The kinetic energy of particles released in nuclear fission or fusion processes is high, ranging from a few MeV up to more than 10 MeV. This energy can be used to generate very high temperatures, and the higher the heat source temperature, the higher the thermal efficiency. In addition, various new applications are expected at high temperatures such as development of new materials and utilization of special chemical reactions. Therefore, materials are needed which are strong and durable at high temperatures. For this purpose, alloys containing nickel, chromium and tungsten as the basic component have been extensively studied, with special attention paid to the effects of a small amount of other systematically-added elements.
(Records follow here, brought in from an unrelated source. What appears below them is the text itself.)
lemma powr_le_mult_imp_sq_le:
  fixes \<theta> r A :: real
  assumes "0 \<le> \<theta>" and "0 \<le> r" and le: "\<theta> * r powr \<rho> \<le> A * r"
  shows "\<theta>\<^sup>2 * r powr (2 * (\<rho> - 1)) \<le> A\<^sup>2"
proof (cases "r = 0")
  case False
  with \<open>0 \<le> r\<close> have "0 < r" by simp
  moreover have "r powr \<rho> = r powr (\<rho> - 1) * r"
    using \<open>0 < r\<close> by (simp add: powr_diff)
  ultimately have "\<theta> * r powr (\<rho> - 1) \<le> A"
    using le by (simp add: mult.assoc)
  then have "(\<theta> * r powr (\<rho> - 1))\<^sup>2 \<le> A\<^sup>2"
    using \<open>0 \<le> \<theta>\<close> by (intro power_mono) auto
  moreover have "(\<theta> * r powr (\<rho> - 1))\<^sup>2 = \<theta>\<^sup>2 * r powr (2 * (\<rho> - 1))"
    using \<open>0 < r\<close> by (simp only: power_mult_distrib powr_power) simp
  ultimately show ?thesis by simp
qed simp

lemma saa_solution_error_bound:
  fixes g :: "'u::real_inner \<Rightarrow> 'x \<Rightarrow> real" and \<psi> :: "'u \<Rightarrow> ereal" and xs :: "nat \<Rightarrow> 'x"
    and h :: "'x \<Rightarrow> 'h::real_normed_vector" and e :: "'h \<Rightarrow>\<^sub>L ('v::real_normed_vector \<Rightarrow>\<^sub>L real)"
    and k :: "('v \<Rightarrow>\<^sub>L real) \<Rightarrow>\<^sub>L 'u" and j :: "'u \<Rightarrow>\<^sub>L 'v"
  assumes "N \<ge> 1" and "proper_fun \<psi>" and "edom \<psi> \<subseteq> U" and "u \<in> edom \<psi>" and "w \<in> edom \<psi>"
    and "0 \<le> \<theta>"
    and "\<And>x. convex_on U (\<lambda>v. g v x)"
    and "\<And>x. ((\<lambda>v. g v x) has_derivative (\<lambda>v. k (e (h x)) \<bullet> v)) (at u)"
    and "ereal ((1 / real N) * (\<Sum>i=1..N. g w (xs i))) + \<psi> w
      \<le> ereal ((1 / real N) * (\<Sum>i=1..N. g u (xs i))) + \<psi> u"
    and "ereal (\<theta> * norm (j (w - u)) powr \<rho>) \<le> ereal (k (e m) \<bullet> (w - u)) + \<psi> w - \<psi> u"
    and duality: "\<And>v. \<bar>k v \<bullet> (w - u)\<bar> \<le> norm v * norm (j (w - u))"
  shows "\<theta>\<^sup>2 * norm (j (w - u)) powr (2 * (\<rho> - 1)) \<le> (norm e / N)\<^sup>2 * (norm (\<Sum>i=1..N. h (xs i) - m))\<^sup>2"
proof -
  let ?S = "\<Sum>i=1..N. h (xs i) - m"
  have "\<theta> * norm (j (w - u)) powr \<rho> \<le> - ((\<Sum>i=1..N. k (e (h (xs i))) - k (e m)) \<bullet> (w - u)) / N"
    by (rule saa_basic_inequality) (use assms in auto)
  also have "\<dots> = - (k (e ?S) \<bullet> (w - u)) / N"
    by (simp add: blinfun.sum_right blinfun.diff_right)
  also have "\<dots> \<le> norm e * norm ?S * norm (j (w - u)) / N"
    using duality[of "e ?S"] mult_right_mono[OF norm_blinfun norm_ge_zero, of e ?S "j (w - u)"]
    by (intro divide_right_mono) linarith+
  finally show ?thesis
    using \<open>0 \<le> \<theta>\<close> powr_le_mult_imp_sq_le[of \<theta> "norm (j (w - u))" \<rho> "norm e * norm ?S / N"]
    by (simp add: power_divide power_mult_distrib mult_ac)
qed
A superalloy has been successfully developed which has the world's best high-temperature creep strength, while maintaining sufficient hot-workability. This alloy showed excellent strength in a creep test in which it was exposed to high temperatures under stress for a long period of time. It has also been shown that this alloy has a good balance of corrosion resistance, hot-workability and creep rupture strength. Based on its good formability at low and high temperatures, a seamless tube made out of this alloy was tested and showed satisfactory performance in service at 1,000 degrees cent. This superalloy is expected to be very useful not only as a component material for the next generation of high-temperature gas-cooled reactors, but also as a general purpose, high-temperature material for other, non-nuclear applications.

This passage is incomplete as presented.